А «Дон Кихот» стоит и не двигается. То, что начал я вчера, не пригодилось. Надо сделать просто парикмахерскую, где цирюльник рассказывает новости. Тому, кто купил землю у Дон Кихота. Тут надо попробовать в нескольких словах дать все начало романа. Купец проявляет крайнее недоверие. «Не верю», — когда говорят ему о Дон Кихоте и прочем тому подобном.
…Я начинаю бояться «Дон Кихота». Я не люблю излишней свободы, но когда связан, то это еще хуже.
На съезде отравился я основательнее, чем предполагал. Вчера играли пятый квинтет Шуберта. И я с ужасом убедился, что похожий на обморок сон напал на меня, как в Доме Союзов. Не мог слушать я и Бетховена. Не знакомое мне трио. Фортепьянное. И знакомое мне трио ре минор Моцарта. И только знакомое фортепьянное трио Бетховена привело меня в чувство. Третье. И я подумал: «А вдруг я в Москве не устал, а состарился. Ничего удивительного: ведь мне пятьдесят восемь лет». Но мысль эта не огорчает меня, а скорее радует: вот как я славно придумал! И, отворачиваясь от смысла этого открытия, гляжу я на последнюю рюмочку и жду…
Я живу в Комарове. Катюша в городе — со дня на день должны мы переезжать в новую квартиру. Я как будто здоров. Живут у нас Наташа и внуки. Они болели по очереди. Теперь как будто здоровы. «Дон Кихота» я сократил, отчего он как бы оплешивел. Я говорю о сценарии. Как раз когда болели Андрюша и Наташа — похолодало. Пошли дожди. Вчера и сегодня потеплее.
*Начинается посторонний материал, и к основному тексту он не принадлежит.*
lemma m'_has_derivative: "0 < x \<Longrightarrow> x < 1 \<Longrightarrow> (m' has_real_derivative m'' x) (at x)"
  using d2 at_within_unit_interval[of x] by (metis atLeastLessThan_iff less_imp_le)

lemma continuous_on_m: "continuous_on {0..<1} m"
  using d1 by (intro DERIV_continuous_on) auto

lemma strict_mono_on_m: "strict_mono_on {0..<1} m"
  using d1 m1_pos m_has_derivative
  by (intro DERIV_pos_imp_strict_mono_on[where f' = m'] DERIV_continuous_on) auto

lemma strict_mono_on_m': "strict_mono_on {0..<1} m'"
  using d2 m2_pos m'_has_derivative
  by (intro DERIV_pos_imp_strict_mono_on[where f' = m''] DERIV_continuous_on) auto

lemma m_above_tangent:
  assumes "0 < x" "x < 1" "0 < z" "z < 1"
  shows "m z \<ge> m x + m' x * (z - x)"
proof -
  have "convex_on {0<..<1} m"
    using m_has_derivative strict_mono_on_m'
    by (intro convex_on_realI[where f' = m'])
       (auto simp: strict_mono_on_def order.order_iff_strict)
  then have "m' x * (z - x) \<le> m z - m x"
    using assms m_has_derivative[of x]
    by (intro convex_on_imp_above_tangent[where A = "{0<..<1}"])
       (auto simp: at_within_open[of x "{0<..<1}"])
  then show ?thesis by simp
qed

lemma space_mu: "space \<mu> = UNIV"
  using sets_eq_imp_space_eq[OF mu_sets] by simp

lemma measure_restrict_unit_interval:
  assumes "S \<in> sets borel"
  shows "measure \<mu> S = measure \<mu> (S \<inter> {0<..<1})"
proof -
  interpret prob_space \<mu> by (rule mu_prob)
  have "UNIV - {0<..<1::real} \<in> null_sets \<mu>"
    using prob_compl[of "{0<..<1}"] mu_supp space_mu mu_sets
    by (auto simp: emeasure_eq_measure null_sets_def)
  then have "S - {0<..<1} \<in> null_sets \<mu>"
    using assms mu_sets by (auto intro: null_sets_subset)
  then show ?thesis
    using measure_Un_null_set[of "S \<inter> {0<..<1}" \<mu> "S - {0<..<1}"] assms mu_sets
    by (simp add: Int_Diff_Un)
qed

lemma measure_greaterThan:
  assumes "0 \<le> c" "c < 1"
  shows "measure \<mu> {c<..} = exp (- m c)"
proof -
  have "{c<..} \<inter> {0<..<1} = {c<..<1}" using assms by auto
  then have "measure \<mu> {c<..} = measure \<mu> {c<..<1}"
    using measure_restrict_unit_interval[of "{c<..}"] by simp
  also have "\<dots> = exp (- m c)" using tail_pos assms by (simp add: tail_m_def)
  finally show ?thesis .
qed

lemma measure_tail_tendsto_0: "(\<lambda>k. measure \<mu> {1 - 1 / real (Suc k)<..<1}) \<longlonglongrightarrow> 0"
proof -
  interpret prob_space \<mu> by (rule mu_prob)
  define A where "A k = {1 - 1 / real (Suc k)<..<(1::real)}" for k
  have "range A \<subseteq> sets \<mu>" by (auto simp: A_def mu_sets)
  moreover have "decseq A"
  proof (rule decseq_SucI)
    fix k
    have "1 / real (Suc (Suc k)) \<le> 1 / real (Suc k)" by (simp add: frac_le)
    then show "A (Suc k) \<subseteq> A k" by (auto simp: A_def)
  qed
  moreover have "(\<Inter>k. A k) = {}"
  proof (rule equals0I)
    fix x assume x: "x \<in> (\<Inter>k. A k)"
    then have "0 < 1 - x" by (auto simp: A_def)
    then obtain n where "n > 0" "inverse (real n) < 1 - x"
      using ex_inverse_of_nat_less by blast
    then have "x \<notin> A (n - 1)" by (simp add: A_def inverse_eq_divide)
    with x show False by blast
  qed
  ultimately show ?thesis
    using finite_Lim_measure_decseq[of A] by (simp add: A_def)
qed

lemma m_unbounded: "\<exists>x\<in>{0..<1}. B < m x"
proof -
  obtain k where k: "measure \<mu> {1 - 1 / real (Suc k)<..<1} < exp (- B)"
    using order_tendstoD(2)[OF measure_tail_tendsto_0, of "exp (- B)"]
    by (auto simp: eventually_sequentially)
  define x where "x = 1 - 1 / real (Suc k)"
  have "x \<in> {0..<1}" by (simp add: x_def)
  moreover have "ln (measure \<mu> {x<..<1}) < ln (exp (- B))"
    using k tail_pos \<open>x \<in> {0..<1}\<close> by (subst ln_less_cancel_iff) (simp_all add: x_def)
  ultimately show ?thesis by (intro bexI[of _ x]) (auto simp: tail_m_def)
qed

lemma bij_betw_m: "bij_betw m {0..<1} {0..}"
proof -
  have "m ` {0..<1} = {0..}"
  proof
    show "m ` {0..<1} \<subseteq> {0..}"
      using strict_mono_on_leD[OF strict_mono_on_m, of 0] m_0 by auto
    show "{0..} \<subseteq> m ` {0..<1}"
    proof
      fix y :: real assume "y \<in> {0..}"
      obtain b where b: "b \<in> {0..<1}" "y < m b" using m_unbounded by blast
      then have "continuous_on {0..b} m" by (auto intro: continuous_on_subset[OF continuous_on_m])
      then obtain x where "0 \<le> x" "x \<le> b" "m x = y"
        using IVT'[of m 0 y b] b \<open>y \<in> {0..}\<close> m_0 by auto
      then show "y \<in> m ` {0..<1}" using b by force
    qed
  qed
  then show ?thesis
    using strict_mono_on_imp_inj_on[OF strict_mono_on_m] by (simp add: bij_betw_def)
qed

lemma g_m: "x \<in> {0..<1} \<Longrightarrow> g (m x) = x"
  using bij_betw_m by (simp add: inv_g_def bij_betw_def the_inv_into_f_f)

lemma m_g: "y \<ge> 0 \<Longrightarrow> m (g y) = y"
  using bij_betw_m by (simp add: inv_g_def f_the_inv_into_f_bij_betw)

lemma g_in_unit_interval: "y \<ge> 0 \<Longrightarrow> g y \<in> {0..<1}"
  using bij_betw_the_inv_into[OF bij_betw_m] by (auto simp: inv_g_def bij_betw_def)

lemma g_pos:
  assumes "y > 0"
  shows "g y > 0"
proof -
  have "g y \<noteq> 0" using m_g[of y] m_0 assms by auto
  then show ?thesis using g_in_unit_interval[of y] assms by simp
qed

lemma g_has_derivative:
  assumes "y > 0"
  shows "(g has_real_derivative inverse (m' (g y))) (at y)"
proof -
  have "g y \<in> {0<..<1}" using g_in_unit_interval[of y] g_pos[of y] assms by simp
  have "m' (g y) \<noteq> 0" using m1_pos g_in_unit_interval[of y] assms by force
  show ?thesis
    unfolding has_field_derivative_def
  proof (rule has_derivative_inverse_strong_x[where S = "{0<..<1}" and f = m])
    show "continuous_on {0<..<1} m" by (rule continuous_on_subset[OF continuous_on_m]) auto
    show "(m has_derivative (*) (m' (g y))) (at (g y))"
      using m_has_derivative \<open>g y \<in> {0<..<1}\<close> by (simp add: has_field_derivative_def)
    show "(*) (m' (g y)) \<circ> (*) (inverse (m' (g y))) = id"
      using \<open>m' (g y) \<noteq> 0\<close> by (simp add: fun_eq_iff)
    show "g (m x) = x" if "x \<in> {0<..<1}" for x using g_m that by simp
  qed (use assms \<open>g y \<in> {0<..<1}\<close> m_g in auto)
qed

lemma deriv_g: "y > 0 \<Longrightarrow> deriv g y = inverse (m' (g y))"
  using g_has_derivative by (rule DERIV_imp_deriv)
Начал я переписывать «Телефонную книжку» [183].
Пишу я все это на новой квартире [184]. На Малой Посадской. Живем мы теперь во втором этаже дома № 8, кв. 3. (Перебрался 5–го.) Двадцать один год прожил я на старой квартире, по каналу Грибоедова. И все чего‑то ждал. Здесь вдвое просторнее. Три комнаты, так что у Катюши своя, у меня своя, а посредине столовая. Как это ни странно, почему‑то не жалею я старую квартиру.
Все живу в городе. Второй день на новой квартире, на новой для меня — в качестве места жительства новой — Петроградской стороне. Утром выходил, установил, что междугородный телефонный пункт возле. Три раза пытался дозвониться до Комарова, но напрасно. В ожидании пошел по скверу, который больше похож на парк со старыми деревьями, к Петропавловской крепости. Запах клевера. Воскресный народ. В доме еще непривычно.
Опять лежу. Сильные боли в сердце. Спазм коронарных сосудов. Слишком много ходил в городе… Вечером ставили пиявки «на область сердца». Впервые в жизни испытал я это удовольствие. Намазали меня сахарным сиропом в области сердца. И сестра вынула пинцетом из банки, на которой была наклейка «черешня», пять черных гадиков и разложила у меня на груди, по сиропу. Гадики стали капризничать. «Играют», — сказала сестра. Они виляли своими черными тельцами, собирались в кучку. «Любят семейно!» — сказала сестра, распределяя их по указанному врачом участку. Но вот один гадик затих, свернувшись колечком, и я почувствовал жжение, как бы от укуса комара. «Взял», — сказала сестра с облегчением. Взяли и еще три пиявки. Последняя оказалась вялой, болезненной. Самая тощенькая из всех, она только притворялась, что играет, и вытягивалась во всем своем безобразии, и я чувствовал ее липкое, холодное прикосновение. В конце концов сестра выбросила ее обратно в банку. Вот тут и началось ожидание насасывания гада, полагаю, больше двух часов. Я человек неусидчивый. То, что я не сидел, а лежал, мало меняло положение. К концу прошиб меня холодный пот, напала зевота, а пиявки все росли, надувались или пупырились, как говорила сестра. Они залоснились. Стало заметно, что похожи они строением на дождевых червей: кольчатые. Только черные кольца тоньше. И обладали они хоботками, которые становились заметны, когда пробовала сестра пинцетом — не согласятся ли проклятики отвалиться. Вначале сестра развлекала меня разговорами.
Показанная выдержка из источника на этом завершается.